┌──
(* Let $d\ge 3$ and $0\le j\le \left\lfloor \frac{3(d-1)}{2}\right\rfloor$. The elements of $\operatorname{Ker}(E)\cap A(d)_j$ on which every $\sigma\in S_3$ acts by $\operatorname{sgn}(\sigma)$ are exactly the elements $P=\sum_{\mu\in\mathscr{P}^+_{3,d-1}(j)}\beta_\mu\langle x^\mu\rangle$ ($\beta_\mu\in\Bbbk$) with $E(P)=0$, and the multiplicity of the sign representation in $\operatorname{Ker}(E)\cap A(d)_j$ is $$\operatorname{sign}(d,j)=p^+_{3,d-1}(j)-p^+_{3,d-1}(j-1).$$
   Context: $\Bbbk$ is an algebraically closed field of characteristic $0$. For an integer $d\ge 1$, $A(d)=\Bbbk[x_1,x_2,x_3]/(x_1^d,x_2^d,x_3^d)=\bigoplus_j A(d)_j$ with its standard grading. The symmetric group $S_3$ acts on $A(d)$ by permuting the variables. The linear map $E:A(d)_{j+1}\to A(d)_j$ is defined on the monomial basis by $E(x_1^{a_1}x_2^{a_2}x_3^{a_3})=\sum_{k=1}^{3} a_k(d-a_k)\,x_1^{a_1}\cdots x_k^{a_k-1}\cdots x_3^{a_3}$; it commutes with the $S_3$-action. $\operatorname{sign}(d,j)$ denotes the multiplicity of the sign representation in $\operatorname{Ker}(E)\cap A(d)_j$. For integers $l\ge0$, $n$: $\mathscr{P}^+_{3,l}(n)$ is the set of integer triples $(a,b,c)$ with $l\ge a> b> c\ge 0$ and $a+b+c=n$, and $p^+_{3,l}(n)=|\mathscr{P}^+_{3,l}(n)|$ ($=0$ for $n<0$). For $\mu=(a,b,c)$, $\langle x^\mu\rangle=\sum_{\sigma\in S_3}\operatorname{sgn}(\sigma)\,\sigma(x_1^ax_2^bx_3^c)$. *)

theory Defs
  imports Main "HOL-Computational_Algebra.Polynomial" "HOL-Combinatorics.Permutations"
    "HOL-Library.Function_Algebras"
begin

text \<open>Monomials x1^(e 0) x2^(e 1) x3^(e 2) of A(d) are encoded by exponent functions
  e :: nat => nat with e i = 0 for i >= 3; an element of A(d) is its coefficient function
  (exponent function => field element), supported on exponents with e i < d.
  Variables x_1, x_2, x_3 correspond to indices 0, 1, 2.\<close>

type_synonym expo = "nat \<Rightarrow> nat"

definition mons :: "nat \<Rightarrow> nat \<Rightarrow> expo set" where
  "mons d j = {e. (\<forall>i\<ge>3. e i = 0) \<and> (\<forall>i<3. e i < d) \<and> e 0 + e 1 + e 2 = j}"

definition Adeg :: "nat \<Rightarrow> nat \<Rightarrow> (expo \<Rightarrow> 'k::field) set" where
  "Adeg d j = {P. \<forall>e. e \<notin> mons d j \<longrightarrow> P e = 0}"

text \<open>The operator E, written on coefficients: the coefficient of x^e in E(P) collects
  the contributions a_k (d - a_k) of the monomials x^(e + e_k), with a_k = e k + 1.\<close>
definition Eop :: "nat \<Rightarrow> (expo \<Rightarrow> 'k::field) \<Rightarrow> (expo \<Rightarrow> 'k)" where
  "Eop d P = (\<lambda>e. \<Sum>k<3. of_nat ((e k + 1) * (d - (e k + 1))) * P (e(k := e k + 1)))"

text \<open>Action of a permutation sigma of {0,1,2} (variables) on A(d):
  sigma (x1^a1 x2^a2 x3^a3) = x_{sigma 1}^a1 x_{sigma 2}^a2 x_{sigma 3}^a3,
  i.e. on coefficient functions (sigma . P)(e) = P (e o sigma).\<close>
definition act :: "(nat \<Rightarrow> nat) \<Rightarrow> (expo \<Rightarrow> 'k::field) \<Rightarrow> (expo \<Rightarrow> 'k)" where
  "act \<sigma> P = (\<lambda>e. P (e \<circ> \<sigma>))"

definition sign_isotypic :: "(expo \<Rightarrow> 'k::field) \<Rightarrow> bool" where
  "sign_isotypic P \<longleftrightarrow> (\<forall>\<sigma>. \<sigma> permutes {0,1,2::nat} \<longrightarrow> act \<sigma> P = (\<lambda>e. of_int (sign \<sigma>) * P e))"

definition kerE :: "nat \<Rightarrow> nat \<Rightarrow> (expo \<Rightarrow> 'k::field) set" where
  "kerE d j = {P \<in> Adeg d j. Eop d P = 0}"

definition sign_part :: "nat \<Rightarrow> nat \<Rightarrow> (expo \<Rightarrow> 'k::field) set" where
  "sign_part d j = {P \<in> kerE d j. sign_isotypic P}"

text \<open>Multiplicity of the (one-dimensional) sign representation in Ker(E) cap A(d)_j:
  the dimension over k of the sign-isotypic subspace.\<close>
definition sign_mult :: "'k::field itself \<Rightarrow> nat \<Rightarrow> nat \<Rightarrow> nat" where
  "sign_mult _ d j = vector_space.dim (\<lambda>(c::'k) (f::expo \<Rightarrow> 'k). (\<lambda>x. c * f x)) (sign_part d j)"

definition Pplus :: "nat \<Rightarrow> int \<Rightarrow> (nat \<times> nat \<times> nat) set" where
  "Pplus l n = {(a, b, c). l \<ge> a \<and> a > b \<and> b > c \<and> int (a + b + c) = n}"

definition pplus :: "nat \<Rightarrow> int \<Rightarrow> nat" where
  "pplus l n = card (Pplus l n)"

definition expo_of :: "nat \<times> nat \<times> nat \<Rightarrow> expo" where
  "expo_of \<mu> = (case \<mu> of (a, b, c) \<Rightarrow> (\<lambda>i. if i = 0 then a else if i = 1 then b else if i = 2 then c else 0))"

definition monom3 :: "nat \<times> nat \<times> nat \<Rightarrow> (expo \<Rightarrow> 'k::field)" where
  "monom3 \<mu> = (\<lambda>e. if e = expo_of \<mu> then 1 else 0)"

definition alt :: "nat \<times> nat \<times> nat \<Rightarrow> (expo \<Rightarrow> 'k::field)" where
  "alt \<mu> = (\<Sum>\<sigma>\<in>{\<sigma>. \<sigma> permutes {0,1,2::nat}}. (\<lambda>e. of_int (sign \<sigma>) * act \<sigma> (monom3 \<mu>) e))"

end

theory Submission
  imports Defs
begin

text \<open>A sign-isotypic element of A(d)_j vanishes on monomials with a repeated exponent and is
  determined by its coefficients at monomials with strictly decreasing exponents. Hence the
  alternants <x^mu>, mu in P^+_{3,d-1}(j), form a basis of the sign component S_j, which gives the
  first claim and dim S_j = p^+_{3,d-1}(j).

  Let F be multiplication by x_1 + x_2 + x_3. On degree m, EF - FE acts as the scalar
  3(d - 1) - 2m, as for an sl_2-triple, and a descending induction on the degree shows that EF is
  injective on S_m whenever 2m < 3(d - 1). For j <= 3(d - 1)/2 the image E(S_j) thus lies between
  EF(S_{j-1}) and S_{j-1}, which have the same dimension p^+_{3,d-1}(j - 1), and rank-nullity for
  E : S_j -> S_{j-1} gives the multiplicity of the sign representation.\<close>

lemma sum_fun_apply: "(\<Sum>x\<in>A. f x) e = (\<Sum>x\<in>A. f x e)"
  by (induction A rule: infinite_finite_induct) auto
└──
Find and copy each line above that includes the string "langle".

### Answer space:
(* Let $d\ge 3$ and $0\le j\le \left\lfloor \frac{3(d-1)}{2}\right\rfloor$. The elements of $\operatorname{Ker}(E)\cap A(d)_j$ on which every $\sigma\in S_3$ acts by $\operatorname{sgn}(\sigma)$ are exactly the elements $P=\sum_{\mu\in\mathscr{P}^+_{3,d-1}(j)}\beta_\mu\langle x^\mu\rangle$ ($\beta_\mu\in\Bbbk$) with $E(P)=0$, and the multiplicity of the sign representation in $\operatorname{Ker}(E)\cap A(d)_j$ is $$\operatorname{sign}(d,j)=p^+_{3,d-1}(j)-p^+_{3,d-1}(j-1).$$
   Context: $\Bbbk$ is an algebraically closed field of characteristic $0$. For an integer $d\ge 1$, $A(d)=\Bbbk[x_1,x_2,x_3]/(x_1^d,x_2^d,x_3^d)=\bigoplus_j A(d)_j$ with its standard grading. The symmetric group $S_3$ acts on $A(d)$ by permuting the variables. The linear map $E:A(d)_{j+1}\to A(d)_j$ is defined on the monomial basis by $E(x_1^{a_1}x_2^{a_2}x_3^{a_3})=\sum_{k=1}^{3} a_k(d-a_k)\,x_1^{a_1}\cdots x_k^{a_k-1}\cdots x_3^{a_3}$; it commutes with the $S_3$-action. $\operatorname{sign}(d,j)$ denotes the multiplicity of the sign representation in $\operatorname{Ker}(E)\cap A(d)_j$. For integers $l\ge0$, $n$: $\mathscr{P}^+_{3,l}(n)$ is the set of integer triples $(a,b,c)$ with $l\ge a> b> c\ge 0$ and $a+b+c=n$, and $p^+_{3,l}(n)=|\mathscr{P}^+_{3,l}(n)|$ ($=0$ for $n<0$). For $\mu=(a,b,c)$, $\langle x^\mu\rangle=\sum_{\sigma\in S_3}\operatorname{sgn}(\sigma)\,\sigma(x_1^ax_2^bx_3^c)$. *)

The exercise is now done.